Start of SUPPLIED INFORMATION
(* There exist constants $c>0$ and $r_*>0$, depending only on $m$ and $\{p_1,\dots,p_m\}$, such that for all $0<r<r_*$ and all real $y$ with $r^{2/3}<|y|\le\tfrac12$, the number of $h\in\mathcal S(r)$ with $\|hy\|\ge \frac{1}{3p_1}$ is at least $c(\log 1/r)^{m-1}$.
   Context: Fix an integer $m\ge 2$ and integers $1<p_1<\dots<p_m$ with $\gcd(p_i,p_j)=1$ for $i\neq j$; let $\mathcal S=\{p_1^{\alpha_1}\cdots p_m^{\alpha_m}:\alpha_i\in\mathbb Z_{\ge0}\}$ and $\mathcal S(r)=\{h\in\mathcal S: hr\le1\}$ for $r>0$. $\|x\|$ denotes the distance from the real number $x$ to the nearest integer. *)

theory Defs
  imports Complex_Main
begin

definition smooth_set :: "nat \<Rightarrow> (nat \<Rightarrow> nat) \<Rightarrow> nat set" where
  "smooth_set m p = {\<Prod>i\<in>{1..m}. p i ^ a i | a :: nat \<Rightarrow> nat. True}"

definition smooth_set_r :: "nat \<Rightarrow> (nat \<Rightarrow> nat) \<Rightarrow> real \<Rightarrow> nat set" where
  "smooth_set_r m p r = {h \<in> smooth_set m p. real h * r \<le> 1}"

definition dist_int :: "real \<Rightarrow> real" where
  "dist_int x = min (x - of_int \<lfloor>x\<rfloor>) (of_int \<lceil>x\<rceil> - x)"

end

theory Submission
  imports Defs "HOL-Library.FuncSet"
begin

text \<open>
  Let A be a small multiple of log (1/r) and consider the monomials g in p 2, ..., p m with
  exponents at most A. If every such g has a multiple h = p 1^k g in S(r) with
  dist_int (h y) \<ge> 1/(3 p 1), these give (A + 1)^(m-1) elements. Otherwise, for some g all
  admissible p 1^k g y lie within 1/(3 p 1) of an integer; multiplying by p 1 then scales that
  distance exactly, which forces dist_int (g y) < g r / 3. Cancelling factors of g yields d | g and
  a fraction N / p i with i \<ge> 2 and p i not dividing N such that |d y - N / p i| \<le> d r / 3; here
  r / 3 < |y| \<le> 1/2 excludes d = 1. For any G coprime to p i, G d y then stays at distance about
  1 / p i from the integers, and one of the next p m powers of p 1 pushes it beyond 1/(3 p 1).
  Letting G range over monomials in the p l with l \<notin> {1, i} and over A blocks of exponents of
  p 1 gives A^(m-1) elements.
\<close>

lemma dist_int_le_abs_diff: "dist_int z \<le> \<bar>z - of_int n\<bar>"
proof (cases "of_int n \<le> z")
  case True
  then have "n \<le> \<lfloor>z\<rfloor>" by (simp add: le_floor_iff)
  then show ?thesis unfolding dist_int_def using True by linarith
next
  case False
  then have "\<lceil>z\<rceil> \<le> n" by (simp add: ceiling_le_iff)
  then show ?thesis unfolding dist_int_def using False by linarith
qed

lemma dist_int_attained: "\<exists>n. dist_int z = \<bar>z - of_int n\<bar>"
proof (cases "z - of_int \<lfloor>z\<rfloor> \<le> of_int \<lceil>z\<rceil> - z")
  case True
  then show ?thesis unfolding dist_int_def by (intro exI[of _ "\<lfloor>z\<rfloor>"]) simp
next
  case False
  then show ?thesis unfolding dist_int_def by (intro exI[of _ "\<lceil>z\<rceil>"]) simp
qed

lemma dist_int_eq_abs_diff:
  assumes "\<bar>z - of_int n\<bar> \<le> 1/2"
  shows "dist_int z = \<bar>z - of_int n\<bar>"
proof -
  obtain n' where n': "dist_int z = \<bar>z - of_int n'\<bar>"
    using dist_int_attained by blast
  have "\<bar>z - of_int n\<bar> \<le> \<bar>z - of_int n'\<bar>"
  proof (cases "n' = n")
    case False
    then have "1 \<le> \<bar>n - n'\<bar>" by linarith
    then have "1 \<le> \<bar>of_int n - of_int n' :: real\<bar>"
      by (metis of_int_1_le_iff of_int_abs of_int_diff)
    then show ?thesis using assms by linarith
  qed simp
  then show ?thesis using n' dist_int_le_abs_diff[of z n] by linarith
qed

lemma dist_int_add_ge: "dist_int x - \<bar>e\<bar> \<le> dist_int (x + e)"
proof -
  obtain n where "dist_int (x + e) = \<bar>x + e - of_int n\<bar>"
    using dist_int_attained by blast
  then show ?thesis using dist_int_le_abs_diff[of x n] by linarith
qed

lemma dist_int_of_int_div_ge:
  fixes z P :: int
  assumes "P > 0" "\<not> P dvd z"
  shows "1 / of_int P \<le> dist_int (of_int z / of_int P)"
proof -
  obtain n where n: "dist_int (of_int z / of_int P) = \<bar>of_int z / of_int P - of_int n\<bar>"
    using dist_int_attained by blast
  have "z - n * P \<noteq> 0" using assms(2) by (metis dvd_triv_right eq_iff_diff_eq_0)
  then have num: "1 \<le> \<bar>real_of_int (z - n * P)\<bar>" by linarith
  have "of_int z / of_int P - of_int n = real_of_int (z - n * P) / of_int P"
    using assms(1) by (simp add: field_simps)
  then have "dist_int (of_int z / of_int P) = \<bar>real_of_int (z - n * P)\<bar> / of_int P"
    using n assms(1) by (simp add: abs_divide)
  then show ?thesis using num assms(1) by (simp add: divide_right_mono)
qed

lemma dist_int_mult_nat:
  fixes q :: nat
  assumes "real q * dist_int x \<le> 1/2"
  shows "dist_int (real q * x) = real q * dist_int x"
proof -
  obtain n where n: "dist_int x = \<bar>x - of_int n\<bar>" using dist_int_attained by blast
  have "\<bar>real q * x - of_int (int q * n)\<bar> = real q * \<bar>x - of_int n\<bar>"
    by (simp add: abs_mult flip: right_diff_distrib)
  then show ?thesis using assms n dist_int_eq_abs_diff[of "real q * x" "int q * n"] by simp
qed

lemma dist_int_power_mult:
  fixes q :: nat
  assumes "\<forall>i<j. real q * dist_int (real q ^ i * x) \<le> 1/2"
  shows "dist_int (real q ^ j * x) = real q ^ j * dist_int x"
  using assms
proof (induction j)
  case (Suc j)
  have "real q * dist_int (real q ^ j * x) \<le> 1/2" using Suc.prems by simp
  then have "dist_int (real q * (real q ^ j * x)) = real q * dist_int (real q ^ j * x)"
    by (rule dist_int_mult_nat)
  then show ?case using Suc by (simp add: mult.assoc)
qed simp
End of SUPPLIED INFORMATION
## TASK DESCRIPTION
Return the whole listing, keeping every line exactly as it is.

## FINAL ANSWER
(* There exist constants $c>0$ and $r_*>0$, depending only on $m$ and $\{p_1,\dots,p_m\}$, such that for all $0<r<r_*$ and all real $y$ with $r^{2/3}<|y|\le\tfrac12$, the number of $h\in\mathcal S(r)$ with $\|hy\|\ge \frac{1}{3p_1}$ is at least $c(\log 1/r)^{m-1}$.
   Context: Fix an integer $m\ge 2$ and integers $1<p_1<\dots<p_m$ with $\gcd(p_i,p_j)=1$ for $i\neq j$; let $\mathcal S=\{p_1^{\alpha_1}\cdots p_m^{\alpha_m}:\alpha_i\in\mathbb Z_{\ge0}\}$ and $\mathcal S(r)=\{h\in\mathcal S: hr\le1\}$ for $r>0$. $\|x\|$ denotes the distance from the real number $x$ to the nearest integer. *)

theory Defs
  imports Complex_Main
begin

definition smooth_set :: "nat \<Rightarrow> (nat \<Rightarrow> nat) \<Rightarrow> nat set" where
  "smooth_set m p = {\<Prod>i\<in>{1..m}. p i ^ a i | a :: nat \<Rightarrow> nat. True}"

definition smooth_set_r :: "nat \<Rightarrow> (nat \<Rightarrow> nat) \<Rightarrow> real \<Rightarrow> nat set" where
  "smooth_set_r m p r = {h \<in> smooth_set m p. real h * r \<le> 1}"

definition dist_int :: "real \<Rightarrow> real" where
  "dist_int x = min (x - of_int \<lfloor>x\<rfloor>) (of_int \<lceil>x\<rceil> - x)"

end

theory Submission
  imports Defs "HOL-Library.FuncSet"
begin

text \<open>
  Let A be a small multiple of log (1/r) and consider the monomials g in p 2, ..., p m with
  exponents at most A. If every such g has a multiple h = p 1^k g in S(r) with
  dist_int (h y) \<ge> 1/(3 p 1), these give (A + 1)^(m-1) elements. Otherwise, for some g all
  admissible p 1^k g y lie within 1/(3 p 1) of an integer; multiplying by p 1 then scales that
  distance exactly, which forces dist_int (g y) < g r / 3. Cancelling factors of g yields d | g and
  a fraction N / p i with i \<ge> 2 and p i not dividing N such that |d y - N / p i| \<le> d r / 3; here
  r / 3 < |y| \<le> 1/2 excludes d = 1. For any G coprime to p i, G d y then stays at distance about
  1 / p i from the integers, and one of the next p m powers of p 1 pushes it beyond 1/(3 p 1).
  Letting G range over monomials in the p l with l \<notin> {1, i} and over A blocks of exponents of
  p 1 gives A^(m-1) elements.
\<close>

lemma dist_int_le_abs_diff: "dist_int z \<le> \<bar>z - of_int n\<bar>"
proof (cases "of_int n \<le> z")
  case True
  then have "n \<le> \<lfloor>z\<rfloor>" by (simp add: le_floor_iff)
  then show ?thesis unfolding dist_int_def using True by linarith
next
  case False
  then have "\<lceil>z\<rceil> \<le> n" by (simp add: ceiling_le_iff)
  then show ?thesis unfolding dist_int_def using False by linarith
qed

lemma dist_int_attained: "\<exists>n. dist_int z = \<bar>z - of_int n\<bar>"
proof (cases "z - of_int \<lfloor>z\<rfloor> \<le> of_int \<lceil>z\<rceil> - z")
  case True
  then show ?thesis unfolding dist_int_def by (intro exI[of _ "\<lfloor>z\<rfloor>"]) simp
next
  case False
  then show ?thesis unfolding dist_int_def by (intro exI[of _ "\<lceil>z\<rceil>"]) simp
qed

lemma dist_int_eq_abs_diff:
  assumes "\<bar>z - of_int n\<bar> \<le> 1/2"
  shows "dist_int z = \<bar>z - of_int n\<bar>"
proof -
  obtain n' where n': "dist_int z = \<bar>z - of_int n'\<bar>"
    using dist_int_attained by blast
  have "\<bar>z - of_int n\<bar> \<le> \<bar>z - of_int n'\<bar>"
  proof (cases "n' = n")
    case False
    then have "1 \<le> \<bar>n - n'\<bar>" by linarith
    then have "1 \<le> \<bar>of_int n - of_int n' :: real\<bar>"
      by (metis of_int_1_le_iff of_int_abs of_int_diff)
    then show ?thesis using assms by linarith
  qed simp
  then show ?thesis using n' dist_int_le_abs_diff[of z n] by linarith
qed

lemma dist_int_add_ge: "dist_int x - \<bar>e\<bar> \<le> dist_int (x + e)"
proof -
  obtain n where "dist_int (x + e) = \<bar>x + e - of_int n\<bar>"
    using dist_int_attained by blast
  then show ?thesis using dist_int_le_abs_diff[of x n] by linarith
qed

lemma dist_int_of_int_div_ge:
  fixes z P :: int
  assumes "P > 0" "\<not> P dvd z"
  shows "1 / of_int P \<le> dist_int (of_int z / of_int P)"
proof -
  obtain n where n: "dist_int (of_int z / of_int P) = \<bar>of_int z / of_int P - of_int n\<bar>"
    using dist_int_attained by blast
  have "z - n * P \<noteq> 0" using assms(2) by (metis dvd_triv_right eq_iff_diff_eq_0)
  then have num: "1 \<le> \<bar>real_of_int (z - n * P)\<bar>" by linarith
  have "of_int z / of_int P - of_int n = real_of_int (z - n * P) / of_int P"
    using assms(1) by (simp add: field_simps)
  then have "dist_int (of_int z / of_int P) = \<bar>real_of_int (z - n * P)\<bar> / of_int P"
    using n assms(1) by (simp add: abs_divide)
  then show ?thesis using num assms(1) by (simp add: divide_right_mono)
qed

lemma dist_int_mult_nat:
  fixes q :: nat
  assumes "real q * dist_int x \<le> 1/2"
  shows "dist_int (real q * x) = real q * dist_int x"
proof -
  obtain n where n: "dist_int x = \<bar>x - of_int n\<bar>" using dist_int_attained by blast
  have "\<bar>real q * x - of_int (int q * n)\<bar> = real q * \<bar>x - of_int n\<bar>"
    by (simp add: abs_mult flip: right_diff_distrib)
  then show ?thesis using assms n dist_int_eq_abs_diff[of "real q * x" "int q * n"] by simp
qed

lemma dist_int_power_mult:
  fixes q :: nat
  assumes "\<forall>i<j. real q * dist_int (real q ^ i * x) \<le> 1/2"
  shows "dist_int (real q ^ j * x) = real q ^ j * dist_int x"
  using assms
proof (induction j)
  case (Suc j)
  have "real q * dist_int (real q ^ j * x) \<le> 1/2" using Suc.prems by simp
  then have "dist_int (real q * (real q ^ j * x)) = real q * dist_int (real q ^ j * x)"
    by (rule dist_int_mult_nat)
  then show ?case using Suc by (simp add: mult.assoc)
qed simp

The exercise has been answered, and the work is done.